Stealth Operations

Moonlighting Clauses: What Employed Founders Actually Need to Check

8 min read · April 12, 2026

Moonlighting clauses sound scary because they are designed to sound broad.

But broad language and practical risk are not the same thing.

What you are actually checking

When you review a moonlighting clause, you are not asking: “Can I ever do anything outside work?”

You are asking:

  • does this require disclosure?
  • does this prohibit competing work?
  • does this prohibit all paid outside work?
  • how does it define conflict?

Those details matter.

The common mistake

Many founders read one vague sentence, feel nervous, and stop thinking clearly.

That is not a legal review. That is an emotional reaction.

A better checklist

Read the agreement and pull out the exact language around:

  • outside business activity
  • prior approval requirements
  • conflict of interest
  • inventions and IP assignment
  • non-solicit obligations

Then ask:

  • Is my idea unrelated to my employer's market?
  • Am I using only personal resources?
  • Am I doing this outside work hours?
  • Does the clause require approval even for unrelated work?

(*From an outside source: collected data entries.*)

lemma dom_interval_b1_y1:
  fixes a x :: nat
  assumes a1: "1 \<le> a" and x1: "1 \<le> x"
  shows "dom_interval (replicate (a + 1) (x + 1) @ [1]) ((x + 2) # replicate a (x + 1))
   = {replicate (a + 1) (x + 1) @ [1], (x + 2) # replicate (a - 1) (x + 1) @ [x, 1], (x + 2) # replicate a (x + 1)}"
  (is "dom_interval ?w ?n = {?w, ?\<xi>, ?n}")
proof
  obtain a' where a': "a = Suc a'" using a1 by (cases a) auto
  have w: "?w = [x + 1] @ replicate a' (x + 1) @ [x + 1, 1]"
    unfolding a' by (simp add: replicate_append_same)
  have n: "?n = [x + 2] @ replicate a' (x + 1) @ [x + 1]"
    unfolding a' by (simp add: replicate_append_same)
  have \<xi>: "?\<xi> = [x + 2] @ replicate a' (x + 1) @ [x, 1]" unfolding a' by simp
  have "dominates_le ?w ?\<xi>" "dominates_le ?\<xi> ?n"
    unfolding w n \<xi> by (rule dominates_le_shared_block; simp add: sum_list_take_Cons)+
  moreover have "dominates_le ?w ?n"
    unfolding w n by (rule dominates_le_shared_block) (simp_all add: sum_list_take_Cons)
  moreover have "is_partition ?w" "is_partition ?\<xi>" "is_partition ?n"
    unfolding is_partition_def using x1 by (auto simp: sorted_wrt_append sorted_desc_replicate)
  ultimately show "{?w, ?\<xi>, ?n} \<subseteq> dom_interval ?w ?n"
    unfolding dom_interval_def using dominates_le_refl by auto
  show "dom_interval ?w ?n \<subseteq> {?w, ?\<xi>, ?n}"
  proof
    fix \<nu> assume "\<nu> \<in> dom_interval ?w ?n"
    then have P: "is_partition \<nu>" and lo: "dominates_le ?w \<nu>" and hi: "dominates_le \<nu> ?n"
      unfolding dom_interval_def by auto
    have w_sums: "sum_list (take k ?w) = k * (x + 1)" if "k \<le> a + 1" for k
    proof -
      have "take k ?w = replicate k (x + 1)" using that by (simp del: replicate_Suc add: take_append)
      then show ?thesis by (simp del: replicate_Suc add: sum_list_replicate)
    qed
    have n_sums: "sum_list (take k ?n) = k * (x + 1) + 1" if "1 \<le> k" "k \<le> a + 1" for k
      using that by (cases k) (simp_all add: sum_list_replicate)
    have "\<nu> = replicate (a + 1) (x + 1) @ [1] \<or> \<nu> = (x + 1 + 1) # replicate (a + 1 - 2) (x + 1) @ [x + 1 - 1, 1]
        \<or> \<nu> = (x + 1 + 1) # replicate (a + 1 - 1) (x + 1)"
    proof (rule band_cases)
      show "2 \<le> x + 1" "2 \<le> a + 1" "is_partition \<nu>" using a1 x1 P by simp_all
      show "sum_list \<nu> = (a + 1) * (x + 1) + 1"
        using lo w_sums[of "a + 1"] unfolding dominates_le_def by (simp add: sum_list_replicate)
      show "k * (x + 1) \<le> sum_list (take k \<nu>)" if "k \<le> a + 1" for k
        using lo w_sums[OF that] unfolding dominates_le_def by metis
      show "sum_list (take k \<nu>) \<le> k * (x + 1) + 1" if "1 \<le> k" "k \<le> a + 1" for k
        using hi n_sums[OF that] unfolding dominates_le_def by metis
    qed
    then show "\<nu> \<in> {?w, ?\<xi>, ?n}" by auto
  qed
qed

lemma conj_part_b1_y1:
  fixes a x :: nat
  assumes a1: "1 \<le> a" and x1: "1 \<le> x"
  shows "conj_part (replicate (a + 1) (x + 1) @ [1]) = hook_minus_leg a x 1 1"
    and "conj_part ((x + 2) # replicate (a - 1) (x + 1) @ [x, 1]) = hook_minus_inner a x 1 1"
    and "conj_part ((x + 2) # replicate a (x + 1)) = hook_minus_arm a x 1 1"
proof -
  obtain a' where a': "a = Suc a'" using a1 by (cases a) auto
  obtain x' where x': "x = Suc x'" using x1 by (cases x) auto
  show "conj_part (replicate (a + 1) (x + 1) @ [1]) = hook_minus_leg a x 1 1"
    by (rule conj_part_eqI)
      (auto simp: hook_minus_leg_def length_filter_gt_replicate nth_cons_replicate)
  show "conj_part ((x + 2) # replicate (a - 1) (x + 1) @ [x, 1]) = hook_minus_inner a x 1 1"
    by (rule conj_part_eqI) (auto simp: hook_minus_inner_def length_filter_gt_cons_replicate
      length_filter_gt_replicate nth_cons_replicate nth_append nth_Cons' a' x')
  show "conj_part ((x + 2) # replicate a (x + 1)) = hook_minus_arm a x 1 1"
    by (rule conj_part_eqI)
      (auto simp: hook_minus_arm_def length_filter_gt_replicate nth_cons_replicate nth_append a')
qed

context
  fixes a x b y :: nat
  assumes a1: "1 \<le> a" and x1: "1 \<le> x" and b1: "1 \<le> b" and y1: "1 \<le> y"
begin

lemma hook_b1_y1:
  assumes b: "b = 1" and y: "y = 1"
  defines "\<xi>1 \<equiv> replicate (a + 1) (x + 1) @ [1]"
    and "\<xi>2 \<equiv> (x + 2) # replicate (a - 1) (x + 1) @ [x, 1]"
    and "\<xi>3 \<equiv> (x + 2) # replicate a (x + 1)"
  shows "dom_interval (skew_w (hook a x b y) [1]) (skew_n (hook a x b y) [1]) = {\<xi>1, \<xi>2, \<xi>3}"
    and "skew_supp (hook a x b y) [1] = {\<xi>1, \<xi>2, \<xi>3}"
    and "lr_coeff (hook a x b y) [1] = (\<lambda>\<nu>. if \<nu> \<in> {conj_part \<xi>1, conj_part \<xi>2, conj_part \<xi>3} then 1 else 0)"
proof -
  have "skew_w (hook a x b y) [1] = \<xi>1" "skew_n (hook a x b y) [1] = \<xi>3"
    using skew_w_n_hook[OF a1 x1 b1 y1] unfolding \<xi>1_def \<xi>3_def by (simp_all add: b y)
  then show "dom_interval (skew_w (hook a x b y) [1]) (skew_n (hook a x b y) [1]) = {\<xi>1, \<xi>2, \<xi>3}"
    unfolding \<xi>1_def \<xi>2_def \<xi>3_def using dom_interval_b1_y1[OF a1 x1] by simp
  show "skew_supp (hook a x b y) [1] = {\<xi>1, \<xi>2, \<xi>3}"
    using skew_supp_hook[OF a1 x1 b1 y1] unfolding \<xi>1_def \<xi>2_def \<xi>3_def by (auto simp: b y)
  show "lr_coeff (hook a x b y) [1] = (\<lambda>\<nu>. if \<nu> \<in> {conj_part \<xi>1, conj_part \<xi>2, conj_part \<xi>3} then 1 else 0)"
    using lr_coeff_hook[OF a1 x1 b1 y1] unfolding \<xi>1_def \<xi>2_def \<xi>3_def conj_part_b1_y1[OF a1 x1]
    by (simp add: b y insert_commute disj_commute disj_left_commute)
qed

lemma skew_supp_eq_dom_interval_iff:
  "skew_supp (hook a x b y) [1] = dom_interval (skew_w (hook a x b y) [1]) (skew_n (hook a x b y) [1])
   \<longleftrightarrow> b = 1 \<and> y = 1"
proof
  assume eq: "skew_supp (hook a x b y) [1] = dom_interval (skew_w (hook a x b y) [1]) (skew_n (hook a x b y) [1])"
  show "b = 1 \<and> y = 1"
  proof (rule ccontr)
    assume "\<not> (b = 1 \<and> y = 1)"
    then consider "2 \<le> b" | "b = 1" "2 \<le> y" using b1 y1 by linarith
    then show False
    proof cases
      case 1
      then show False using interval_witness_b2[OF a1 x1 b1 y1 1] eq unfolding skew_w_n_hook[OF a1 x1 b1 y1] by blast
    next
      case 2
      then show False using interval_witness_y2[OF a1 x1 b1 y1 2(2,1)] eq unfolding skew_w_n_hook[OF a1 x1 b1 y1] by blast
    qed
  qed
next
  assume "b = 1 \<and> y = 1"
  then show "skew_supp (hook a x b y) [1] = dom_interval (skew_w (hook a x b y) [1]) (skew_n (hook a x b y) [1])"
    using hook_b1_y1 by simp
qed

end

theorem mainTheorem15:
  fixes a x b y :: nat
  assumes "1 \<le> a" "1 \<le> x" "1 \<le> b" "1 \<le> y"
  defines "lam \<equiv> (a + b + 1) # replicate x (a + 1) @ replicate y 1"
      and "mu \<equiv> [1]"
  shows "(skew_supp lam mu = dom_interval (skew_w lam mu) (skew_n lam mu) \<longleftrightarrow> b = 1 \<and> y = 1)
       \<and> (b = 1 \<and> y = 1 \<longrightarrow>
           (let \<xi>1 = replicate (a + 1) (x + 1) @ [1];
                \<xi>2 = (x + 2) # replicate (a - 1) (x + 1) @ [x, 1];
                \<xi>3 = (x + 2) # replicate a (x + 1)
            in dom_interval (skew_w lam mu) (skew_n lam mu) = {\<xi>1, \<xi>2, \<xi>3}
             \<and> skew_supp lam mu = {\<xi>1, \<xi>2, \<xi>3}
             \<and> (\<forall>\<nu>. lr_coeff lam mu \<nu> = (if \<nu> \<in> {conj_part \<xi>1, conj_part \<xi>2, conj_part \<xi>3} then 1 else 0))))"
proof -
  have lam: "lam = hook a x b y" unfolding lam_def hook_def ..
  show ?thesis
    unfolding lam mu_def Let_def
    using skew_supp_eq_dom_interval_iff[OF assms(1-4)] hook_b1_y1[OF assms(1-4)] by simp
qed

end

Where the real danger sits

The real danger is usually not the existence of the clause.

It is behaving carelessly in a way that activates it.

Examples:

  • working in the same market
  • using company equipment
  • involving coworkers
  • creating actual competitive overlap

When to get legal advice

If the clause is unusually broad or the industry overlap is meaningful, a short employment-law consultation is worth it.

A focused 30-minute review can remove months of hesitation.

The Invisible Exit answer

Moonlighting language should be reviewed, not worshipped.

Read it carefully. Remove overlap. Keep your operations clean. Escalate to a lawyer when the facts justify it.

Do not let a sentence you have not properly analyzed decide the next five years of your life.